The biggest difference between Moses and Jesus is that God speaks to the disciples to answer the question “Who is Jesus?” “Then a voice came from the cloud, saying: ‘This is my Son, the Chosen One; listen to him!’” (v. 35). When the Father speaks, we learn two further facts. First, Jesus is God’s Son. Jesus shares deity with the Father. He is God. Second, Jesus is God’s spokesperson. Do you want to know what God thinks about something? Listen to the teaching of Jesus. Do you want to know what’s on the mind of the Father? Read what Jesus speaks in the Gospels.

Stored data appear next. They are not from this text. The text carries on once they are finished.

lemma sym_ideal_power_diff:
  assumes "a - b \<in> sym_ideal M" "a \<in> sym_polys M" "b \<in> sym_polys M"
  shows "a ^ n - b ^ n \<in> sym_ideal M"
proof (induction n)
  case (Suc n)
  have "a ^ Suc n - b ^ Suc n = a * (a ^ n - b ^ n) + b ^ n * (a - b)"
    by (simp add: algebra_simps)
  then show ?case
    using Suc assms by (auto intro!: sym_ideal_add sym_ideal_mult sym_polys_power)
qed (simp add: sym_ideal.ideal_zero)

lemma sym_ideal_prod_diff:
  assumes "\<And>x. x \<in> I \<Longrightarrow> f x - g x \<in> sym_ideal M \<and> f x \<in> sym_polys M \<and> g x \<in> sym_polys M"
  shows "prod f I - prod g I \<in> sym_ideal M"
  using assms
proof (induction I rule: infinite_finite_induct)
  case (insert x I)
  have "prod f (insert x I) - prod g (insert x I) = f x * (prod f I - prod g I) + prod g I * (f x - g x)"
    using insert by (simp add: algebra_simps)
  moreover have "prod g I \<in> sym_polys M"
    using insert by (intro sym_polys_prod) auto
  ultimately show ?case
    using insert by (auto intro!: sym_ideal_add sym_ideal_mult)
qed (auto simp: sym_ideal.ideal_zero)
lemma monoid_closure_of_coset:
  assumes "0 \<in> M" and "\<And>x y. x \<in> M \<Longrightarrow> y \<in> M \<Longrightarrow> x + y \<in> M"
  shows "monoid_closure (b +o M) = {0} \<union> b +o (monoid_closure {b} + M)"
proof
  have "b + (k + m) \<in> monoid_closure (b +o M)" if "k \<in> monoid_closure {b}" "m \<in> M" for k m
    using that
  proof (induction k arbitrary: m rule: monoid_closure.induct)
    case zero
    then show ?case using monoid_closure_base set_plus_intro2[of m M b] by auto
  next
    case (plus t k)
    then have "b + (t + k + m) = (b + 0) + (b + (k + m))" by (simp add: add_ac)
    moreover have "b + 0 \<in> b +o M" using assms(1) by (rule set_plus_intro2)
    ultimately show ?case using plus by (metis monoid_closure.plus)
  qed
  then show "{0} \<union> b +o (monoid_closure {b} + M) \<subseteq> monoid_closure (b +o M)"
    by (auto simp: elt_set_plus_def set_plus_def intro: monoid_closure.zero)
qed (rule monoid_closure_of_coset_subset[OF assms(2)])

lemma coset_add_generator:
  "v \<in> b +o monoid_closure P \<Longrightarrow> p \<in> P \<Longrightarrow> v + p \<in> b +o monoid_closure P"
proof -
  assume "v \<in> b +o monoid_closure P" "p \<in> P"
  then obtain m where "m \<in> monoid_closure P" "v + p = b + (p + m)"
    by (auto simp: elt_set_plus_def add_ac)
  then show ?thesis using \<open>p \<in> P\<close> by (metis monoid_closure.plus set_plus_intro2)
qed

lemma linear_set_eq_coset:
  assumes "finite P"
  shows "linear_set b P = b +o monoid_closure P"
proof -
  have combination_in: "(\<lambda>\<sigma>. \<Sum>p\<in>P. c p * p \<sigma>) \<in> monoid_closure P" for c
    using assms
  proof (induction P rule: finite_induct)
    case empty
    then show ?case by (simp add: zero_fun_def[symmetric] monoid_closure.zero)
  next
    case (insert p P)
    have "(\<lambda>\<sigma>. n * p \<sigma>) \<in> monoid_closure {p}" for n
    proof (induction n)
      case 0 then show ?case by (simp add: zero_fun_def[symmetric] monoid_closure.zero)
    next
      case (Suc n)
      have "(\<lambda>\<sigma>. Suc n * p \<sigma>) = p + (\<lambda>\<sigma>. n * p \<sigma>)" by (simp add: fun_eq_iff)
      then show ?case using Suc by (simp add: monoid_closure.plus)
    qed
    then have "(\<lambda>\<sigma>. c p * p \<sigma>) + (\<lambda>\<sigma>. \<Sum>p\<in>P. c p * p \<sigma>) \<in> monoid_closure (insert p P)"
      using insert.IH by (blast intro: monoid_closure_add monoid_closure_mono)
    then show ?case using insert.hyps by (simp add: plus_fun_def)
  qed
  have closure_in: "y \<in> monoid_closure P \<Longrightarrow> \<exists>c. y = (\<lambda>\<sigma>. \<Sum>p\<in>P. c p * p \<sigma>)" for y
  proof (induction y rule: monoid_closure.induct)
    case zero
    show ?case by (rule exI[of _ "\<lambda>_. 0"]) (simp add: zero_fun_def)
  next
    case (plus t y)
    then obtain c where c: "y = (\<lambda>\<sigma>. \<Sum>p\<in>P. c p * p \<sigma>)" by blast
    have "t \<sigma> + (\<Sum>p\<in>P. c p * p \<sigma>) = (\<Sum>p\<in>P. (c(t := Suc (c t))) p * p \<sigma>)" for \<sigma>
      using plus.hyps assms by (simp add: sum.remove[of P t] algebra_simps)
    then show ?case unfolding c by (auto simp: fun_eq_iff)
  qed
  have "monoid_closure P = range (\<lambda>c. \<lambda>\<sigma>. \<Sum>p\<in>P. c p * p \<sigma>)"
    using combination_in closure_in by blast
  then show ?thesis
    unfolding linear_set_def elt_set_plus_def by (auto simp: plus_fun_def)
qed

lemma semilinear_altdef:
  "semilinear S \<longleftrightarrow>
     (\<exists>L. finite L \<and> (\<forall>(b, P)\<in>L. finite P) \<and> S = (\<Union>(b, P)\<in>L. b +o monoid_closure P))"
proof -
  have "(\<Union>(b, P)\<in>L. linear_set b P) = (\<Union>(b, P)\<in>L. b +o monoid_closure P)"
    if "\<forall>(b, P)\<in>L. finite P" for L :: "(('a \<Rightarrow> nat) \<times> ('a \<Rightarrow> nat) set) set"
    using that by (intro SUP_cong) (auto simp: linear_set_eq_coset)
  then show ?thesis unfolding semilinear_def by metis
qed

lemma semilinear_family_cosets:
  assumes "\<And>i. i \<in> I \<Longrightarrow> semilinear (A i)"
  shows "\<exists>L. \<forall>i\<in>I. finite (L i) \<and> (\<forall>(b, P)\<in>L i. finite P) \<and>
    A i = (\<Union>(b, P)\<in>L i. b +o monoid_closure P)"
  using assms unfolding semilinear_altdef by metis

lemma semilinear_empty: "semilinear {}"
  unfolding semilinear_def by (rule exI[of _ "{}"]) auto

lemma semilinear_Un: "semilinear A \<Longrightarrow> semilinear B \<Longrightarrow> semilinear (A \<union> B)"
  unfolding semilinear_def by (metis (no_types, lifting) UN_Un Un_iff finite_UnI)

lemma semilinear_UN:
  "finite I \<Longrightarrow> (\<And>i. i \<in> I \<Longrightarrow> semilinear (A i)) \<Longrightarrow> semilinear (\<Union>i\<in>I. A i)"
  by (induction I rule: finite_induct) (auto intro: semilinear_empty semilinear_Un)

lemma semilinear_coset: "finite P \<Longrightarrow> semilinear (b +o monoid_closure P)"
  unfolding semilinear_altdef by (rule exI[of _ "{(b, P)}"]) auto

lemma semilinear_finite: "finite A \<Longrightarrow> semilinear A"
proof (induction A rule: finite_induct)
  case (insert v A)
  have "insert v A = v +o monoid_closure {} \<union> A"
    by (simp add: monoid_closure_empty elt_set_plus_def)
  then show ?case using semilinear_Un[OF semilinear_coset insert.IH] by simp
qed (rule semilinear_empty)

lemma set_plus_UN: "(\<Union>i\<in>I. A i) + (\<Union>j\<in>J. B j) = (\<Union>i\<in>I. \<Union>j\<in>J. A i + B j)"
  by (auto elim!: set_plus_elim)

lemma semilinear_plus: "semilinear A \<Longrightarrow> semilinear B \<Longrightarrow> semilinear (A + B)"
proof -
  assume "semilinear A" "semilinear B"
  then obtain LA LB
    where LA: "finite LA" "\<forall>(b, P)\<in>LA. finite P" "A = (\<Union>(b, P)\<in>LA. b +o monoid_closure P)"
      and LB: "finite LB" "\<forall>(b, P)\<in>LB. finite P" "B = (\<Union>(b, P)\<in>LB. b +o monoid_closure P)"
    unfolding semilinear_altdef by blast
  have "A + B = (\<Union>(b, P)\<in>LA. \<Union>(b', P')\<in>LB. (b + b') +o monoid_closure (P \<union> P'))"
    unfolding LA(3) LB(3) set_plus_UN
    by (simp add: split_def set_plus_rearrange monoid_closure_Un)
  also have "semilinear \<dots>"
    using LA LB by (auto intro!: semilinear_UN semilinear_coset)
  finally show ?thesis .
qed

lemma semilinear_monoid_closure_coset:
  assumes "finite P"
  shows "semilinear (monoid_closure (b +o monoid_closure P))"
proof -
  have "monoid_closure (b +o monoid_closure P) = {0} \<union> b +o (monoid_closure {b} + monoid_closure P)"
    by (rule monoid_closure_of_coset) (auto intro: monoid_closure.zero monoid_closure_add)
  also have "monoid_closure {b} + monoid_closure P = monoid_closure (insert b P)"
    using monoid_closure_Un[of "{b}" P] by simp
  finally have closure_eq: "monoid_closure (b +o monoid_closure P) = {0} \<union> b +o monoid_closure (insert b P)" .
  show ?thesis
    unfolding closure_eq using assms by (intro semilinear_Un semilinear_finite semilinear_coset) auto
qed

lemma semilinear_monoid_closure:
  assumes "semilinear A"
  shows "semilinear (monoid_closure A)"
proof -
  obtain L where L: "finite L" "\<forall>(b, P)\<in>L. finite P" "A = (\<Union>(b, P)\<in>L. b +o monoid_closure P)"
    using assms unfolding semilinear_altdef by blast
  have "semilinear (monoid_closure (\<Union>(b, P)\<in>L. b +o monoid_closure P))"
    using L(1,2)
  proof (induction L rule: finite_induct)
    case empty
    then show ?case by (simp add: monoid_closure_empty semilinear_finite)
  next
    case (insert bP L)
    obtain b P where bP: "bP = (b, P)" by force
    have "monoid_closure (\<Union>(b, P)\<in>insert bP L. b +o monoid_closure P)
        = monoid_closure (b +o monoid_closure P) + monoid_closure (\<Union>(b, P)\<in>L. b +o monoid_closure P)"
      unfolding bP UN_insert prod.case by (rule monoid_closure_Un)
    then show ?case
      using insert bP by (simp add: semilinear_plus semilinear_monoid_closure_coset)
  qed
  then show ?thesis using L(3) by simp
qed

section \<open>Parikh vectors of finite paths\<close>

text \<open>\<open>parikh_path \<delta> X p v q\<close>: some path from \<open>p\<close> to \<open>q\<close> with Parikh vector \<open>v\<close> has all its
  intermediate states in \<open>X\<close>.\<close>

inductive parikh_path :: "('q \<Rightarrow> 'a \<Rightarrow> 'q set) \<Rightarrow> 'q set \<Rightarrow> 'q \<Rightarrow> ('a \<Rightarrow> nat) \<Rightarrow> 'q \<Rightarrow> bool"
  for \<delta> X where
  empty: "parikh_path \<delta> X p 0 p"
| letter: "q \<in> \<delta> p a \<Longrightarrow> parikh_path \<delta> X p (count_list [a]) q"
| join: "s \<in> X \<Longrightarrow> parikh_path \<delta> X p v s \<Longrightarrow> parikh_path \<delta> X s v' q \<Longrightarrow> parikh_path \<delta> X p (v + v') q"

definition parikh_paths :: "('q \<Rightarrow> 'a \<Rightarrow> 'q set) \<Rightarrow> 'q set \<Rightarrow> 'q \<Rightarrow> 'q \<Rightarrow> ('a \<Rightarrow> nat) set" where
  "parikh_paths \<delta> X p q = {v. parikh_path \<delta> X p v q}"

lemma parikh_path_mono: "parikh_path \<delta> X p v q \<Longrightarrow> X \<subseteq> Y \<Longrightarrow> parikh_path \<delta> Y p v q"
  by (induction rule: parikh_path.induct) (auto intro: parikh_path.intros)

lemma parikh_paths_join:
  "s \<in> X \<Longrightarrow> parikh_paths \<delta> X p s + parikh_paths \<delta> X s q \<subseteq> parikh_paths \<delta> X p q"
  unfolding parikh_paths_def by (auto elim!: set_plus_elim intro: parikh_path.join)

lemma parikh_paths_loops:
  "monoid_closure (parikh_paths \<delta> X s s) \<subseteq> parikh_paths \<delta> (insert s X) s s"
proof
  fix v assume "v \<in> monoid_closure (parikh_paths \<delta> X s s)"
  then show "v \<in> parikh_paths \<delta> (insert s X) s s"
  proof (induction v rule: monoid_closure.induct)
    case zero
    show ?case unfolding parikh_paths_def mem_Collect_eq by (rule parikh_path.empty)
  next
    case (plus t v)
    then show ?case unfolding parikh_paths_def
      by (blast intro: parikh_path.join parikh_path_mono)
  qed
qed

lemma parikh_paths_elim_join_at:
  fixes \<delta> :: "'q \<Rightarrow> 'a \<Rightarrow> 'q set" and X :: "'q set" and s :: 'q
  defines "R \<equiv> parikh_paths \<delta> X" and "M \<equiv> monoid_closure (parikh_paths \<delta> X s s)"
  shows "(R p s \<union> (R p s + M + R s s)) + (R s q \<union> (R s s + M + R s q)) \<subseteq> R p s + M + R s q"
proof -
  have M: "{0} \<subseteq> M" "M + M \<subseteq> M" "R s s \<subseteq> M"
    unfolding M_def R_def by (simp_all add: monoid_closure.zero monoid_closure_plus_subset monoid_closure_base)
  have "R p s \<union> (R p s + M + R s s) \<subseteq> R p s + M"
  proof (rule Un_least)
    show "R p s \<subseteq> R p s + M" using set_plus_mono2[OF subset_refl M(1)] by simp
    have "R p s + M + R s s \<subseteq> R p s + (M + M)" using M by (simp add: add.assoc set_plus_mono2)
    also have "\<dots> \<subseteq> R p s + M" using M by (simp add: set_plus_mono2)
    finally show "R p s + M + R s s \<subseteq> R p s + M" .
  qed
  moreover have "R s q \<union> (R s s + M + R s q) \<subseteq> M + R s q"
  proof (rule Un_least)
    show "R s q \<subseteq> M + R s q" using set_plus_mono2[OF M(1) subset_refl] by simp
    have "R s s + M + R s q \<subseteq> (M + M) + R s q" using M by (simp add: set_plus_mono2)
    also have "\<dots> \<subseteq> M + R s q" using M by (simp add: set_plus_mono2)
    finally show "R s s + M + R s q \<subseteq> M + R s q" .
  qed
  ultimately have "(R p s \<union> (R p s + M + R s s)) + (R s q \<union> (R s s + M + R s q))
      \<subseteq> R p s + (M + M) + R s q"
    by (metis add.assoc set_plus_mono2)
  also have "\<dots> \<subseteq> R p s + M + R s q" using M by (simp add: set_plus_mono2)
  finally show ?thesis .
qed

We are to listen to Jesus for the final word on salvation, not Elijah and Moses or any other prophet from old. The New Testament never looks favorably on Christians turning back to the law or to Judaism. Those things belong to the former time. In these last days God has spoken to us by his Son (Heb 1:1-3). We are to listen to Jesus alone. When the cloud disappears, only Jesus remains. He is greater than Moses and all the other prophets.

For Jesus is considered worthy of more glory than Moses, just as the builder has more honor than the house. Now every house is built by someone, but the one who built everything is God. Moses was faithful as a servant in all God’s household, as a testimony to what would be said in the future. But Christ was faithful as a Son over his household. And we are that household if we hold on to our confidence and the hope in which we boast. (Heb 3:3-6)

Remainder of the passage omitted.